Compressive Sensing Ensemble Average Propagator Estimation Via L1 Spherical Polar Fourier Imaging

Jian Cheng^1,2, Sylvain Merlet², Aurobrata Ghosh², Emmanuel Caruyer², Tianzi Jiang¹, Rachid Deriche²

Since Diffusion Tensor Imaging (DTI) cannot detect the fiber crossing, many new works beyond DTI has been proposed to explore the q-space. Most works, known as single shell High Angular Resolution Imaging (sHARDI), focus on single shell sampling and reconstruct the Orientation Distribution Function (ODF). The ODF, which has no radial information at all, is just one of features of Ensemble Average Propagator (EAP).

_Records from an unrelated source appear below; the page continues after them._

(* Run the mechanism BFM-VM described in the context with $\ell=2$ and arbitrary $B>0$, $\alpha>1$, with all sellers behaving truthfully, and let $O$ be an optimal solution of $\max\{v(S): S\subseteq\mathcal{N},\ c(S)\le B\}$. Then $$v(O)\ \le\ 2\rho_M+2\sum_{i=1}^{2}\sum_{t=1}^{M}v(S_{i,t}).$$
   Context: Setting. $\mathcal{N}$ is a finite set of $n$ sellers. The valuation $v:2^{\mathcal{N}}\to\mathbb{R}_{\ge 0}$ satisfies $v(\emptyset)=0$ and is submodular (for $X\subseteq Y\subseteq\mathcal{N}$ and $u\notin Y$, $v(u\mid Y)\le v(u\mid X)$), not necessarily monotone, where $v(S\mid T)=v(S\cup T)-v(T)$, $v(u\mid T)=v(\{u\}\mid T)$, $v(u)=v(\{u\})$. Each seller $u$ has a private cost $c(u)\ge 0$; $c(X)=\sum_{u\in X}c(u)$. $B>0$ is the budget, $[\ell]=\{1,\dots,\ell\}$. Sellers behave truthfully: a seller $u$ offered price $q$ accepts iff $c(u)\le q$. Mechanism BFM-VM (inputs $B$, $\alpha>1$, $\ell\in\{1,2\}$): 1. Offer every seller the price $B$; let $R$ be the set of sellers who accept, and set $p(u)=B$ for $u\in R$. 2. Set $t=1$, $\rho_1=\max_{u\in R}v(u)$, $S_{1,1}=\{u_0\}$ for some $u_0\in\arg\max_{u\in R}v(u)$, and (if $\ell=2$) $S_{2,1}=\emptyset$. 3. Repeat rounds: set $t\leftarrow t+1$, $\rho_t=\alpha\rho_{t-1}$, $S_{i,t}=\emptyset$ for $i\in[\ell]$. Process the sellers $u\in R\setminus\bigcup_{i=1}^{\ell}S_{i,t-1}$ one at a time in a fixed order. For each such $u$: pick $j\in\arg\max_{i\in[\ell]}v(u\mid S_{i,t})$ (current contents); update $p(u)\leftarrow\min\{p(u),\ v(u\mid S_{j,t})/(\rho_t/B)\}$ and offer $p(u)$ to $u$. If $u$ accepts: if $v(S_{j,t}\cup\{u\})>\rho_t$, end the round immediately; otherwise add $u$ to $S_{j,t}$. If $u$ rejects, remove $u$ from $R$. After the round, stop if $R\setminus\bigcup_{i=1}^{\ell}(S_{i,t-1}\cup S_{i,t})=\emptyset$; otherwise start another round. 4. Let $M$ be the final value of $t$. Output $S^*\in\arg\max_{A\in\{S_{i,t}: i\in[\ell],\ t\in\{M-1,M\}\}}v(A)$, paying each $u\in S^*$ its current price $p(u)$. Notation: $S_{i,t}$ denotes the contents of that candidate set at the end of round $t$; $\rho_M$ is the threshold of the last round. *)

theory Defs
  imports Main "HOL-Library.FuncSet" Complex_Main
begin

definition marg :: "('a set \<Rightarrow> real) \<Rightarrow> 'a \<Rightarrow> 'a set \<Rightarrow> real" where
  "marg v u T = v (T \<union> {u}) - v T"

definition submodular_on :: "'a set \<Rightarrow> ('a set \<Rightarrow> real) \<Rightarrow> bool" where
  "submodular_on N v \<longleftrightarrow>
     (\<forall>X Y u. X \<subseteq> Y \<longrightarrow> Y \<subseteq> N \<longrightarrow> u \<in> N \<longrightarrow> u \<notin> Y \<longrightarrow> marg v u Y \<le> marg v u X)"

text \<open>State inside a round: current set R, current prices p, and the candidate sets
  (indexed by i \<in> {1,2}) of the current round.\<close>
type_synonym 'a bfm_state = "'a set \<times> ('a \<Rightarrow> real) \<times> (nat \<Rightarrow> 'a set)"

text \<open>Processing of one round of BFM-VM (with \<ell> = 2) with threshold \<rho>:
  \<open>bfm_round v c B \<rho> queue st st'\<close> means that processing the sellers of \<open>queue\<close>
  in order, starting in state st, can end in state st' (nondeterminism only in
  the tie-breaking choice of j). Sellers are truthful: accept iff c u \<le> price.\<close>
inductive bfm_round :: "('a set \<Rightarrow> real) \<Rightarrow> ('a \<Rightarrow> real) \<Rightarrow> real \<Rightarrow> real
    \<Rightarrow> 'a list \<Rightarrow> 'a bfm_state \<Rightarrow> 'a bfm_state \<Rightarrow> bool"
  for v c B \<rho> where
  finish: "bfm_round v c B \<rho> [] st st"
| reject: "\<lbrakk> j \<in> {1,2}; \<forall>i\<in>{1,2}. marg v u (S i) \<le> marg v u (S j);
            q = min (p u) (marg v u (S j) / (\<rho> / B));
            \<not> c u \<le> q;
            bfm_round v c B \<rho> us (R - {u}, p(u := q), S) st' \<rbrakk>
          \<Longrightarrow> bfm_round v c B \<rho> (u # us) (R, p, S) st'"
| add: "\<lbrakk> j \<in> {1,2}; \<forall>i\<in>{1,2}. marg v u (S i) \<le> marg v u (S j);
          q = min (p u) (marg v u (S j) / (\<rho> / B));
          c u \<le> q; \<not> v (S j \<union> {u}) > \<rho>;
          bfm_round v c B \<rho> us (R, p(u := q), S(j := S j \<union> {u})) st' \<rbrakk>
        \<Longrightarrow> bfm_round v c B \<rho> (u # us) (R, p, S) st'"
| stop: "\<lbrakk> j \<in> {1,2}; \<forall>i\<in>{1,2}. marg v u (S i) \<le> marg v u (S j);
           q = min (p u) (marg v u (S j) / (\<rho> / B));
           c u \<le> q; v (S j \<union> {u}) > \<rho> \<rbrakk>
         \<Longrightarrow> bfm_round v c B \<rho> (u # us) (R, p, S) (R, p(u := q), S)"

text \<open>A complete execution of BFM-VM with \<ell> = 2. The sellers are N, processed in the
  fixed order given by the list ord. The trace records, for every round t \<in> {1..M}:
  the threshold \<rho> t, the candidate sets S i t (i \<in> {1,2}, contents at the end of round t),
  the set R after round t (Rs t) and the prices after round t (ps t).\<close>
definition bfm_vm_run ::
  "'a set \<Rightarrow> 'a list \<Rightarrow> ('a set \<Rightarrow> real) \<Rightarrow> ('a \<Rightarrow> real) \<Rightarrow> real \<Rightarrow> real
   \<Rightarrow> nat \<Rightarrow> (nat \<Rightarrow> real) \<Rightarrow> (nat \<Rightarrow> nat \<Rightarrow> 'a set) \<Rightarrow> (nat \<Rightarrow> 'a set) \<Rightarrow> (nat \<Rightarrow> 'a \<Rightarrow> real) \<Rightarrow> bool"
  where
  "bfm_vm_run N ord v c B \<alpha> M \<rho> S Rs ps \<longleftrightarrow>
     \<comment> \<open>Step 1: every seller is offered B; R = accepting sellers, p(u) = B\<close>
     Rs 1 = {u \<in> N. c u \<le> B} \<and> ps 1 = (\<lambda>u. B) \<and>
     \<comment> \<open>Step 2\<close>
     (\<exists>u0 \<in> Rs 1. (\<forall>u \<in> Rs 1. v {u} \<le> v {u0}) \<and>
        \<rho> 1 = v {u0} \<and> S 1 1 = {u0} \<and> S 2 1 = {}) \<and>
     (\<forall>i. i \<notin> {1,2} \<longrightarrow> S i 1 = {}) \<and>
     \<comment> \<open>Step 3: rounds t = 2..M\<close>
     2 \<le> M \<and>
     (\<forall>t \<in> {2..M}.
        \<rho> t = \<alpha> * \<rho> (t - 1) \<and>
        bfm_round v c B (\<rho> t)
          (filter (\<lambda>u. u \<in> Rs (t - 1) \<and> u \<notin> S 1 (t - 1) \<union> S 2 (t - 1)) ord)
          (Rs (t - 1), ps (t - 1), (\<lambda>i. {}))
          (Rs t, ps t, (\<lambda>i. S i t))) \<and>
     \<comment> \<open>stopping rule: continue after rounds 2..M-1, stop after round M\<close>
     (\<forall>t \<in> {2..<M}. Rs t - (\<Union>i\<in>{1,2}. S i (t - 1) \<union> S i t) \<noteq> {}) \<and>
     Rs M - (\<Union>i\<in>{1,2}. S i (M - 1) \<union> S i M) = {}"

end

theory Submission
  imports Defs
begin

Diffusion Spectrum Imaging (DSI) is a standard method to estimate EAP via numerical Fourier Transform (FT), which needs lots of samples and is impractical for clinical study. Spherical Polar Fourier Imaging (SPFI) [1,2] was proposed to represent the signal using SPF basis, then the EAP and the ODF have analytical closed forms. So the estimation of the coefficients is very important. In [1,2], the coefficients are estimated based on a standard Least Square (LS) with L2 norm regularization (L2-L2). In this paper, we propose to estimate A using LS with L1 norm regularization (L2-L1), also named as Least Absolute Selection and Shrinkage Operator (LASSO). And we prove that the L2-L1 estimation of the coefficients is actually the well known Compressive Sensing (CS) method to estimate EAP, which brings lots of Mathematical tools and possibility to improve the sampling scheme in q-space.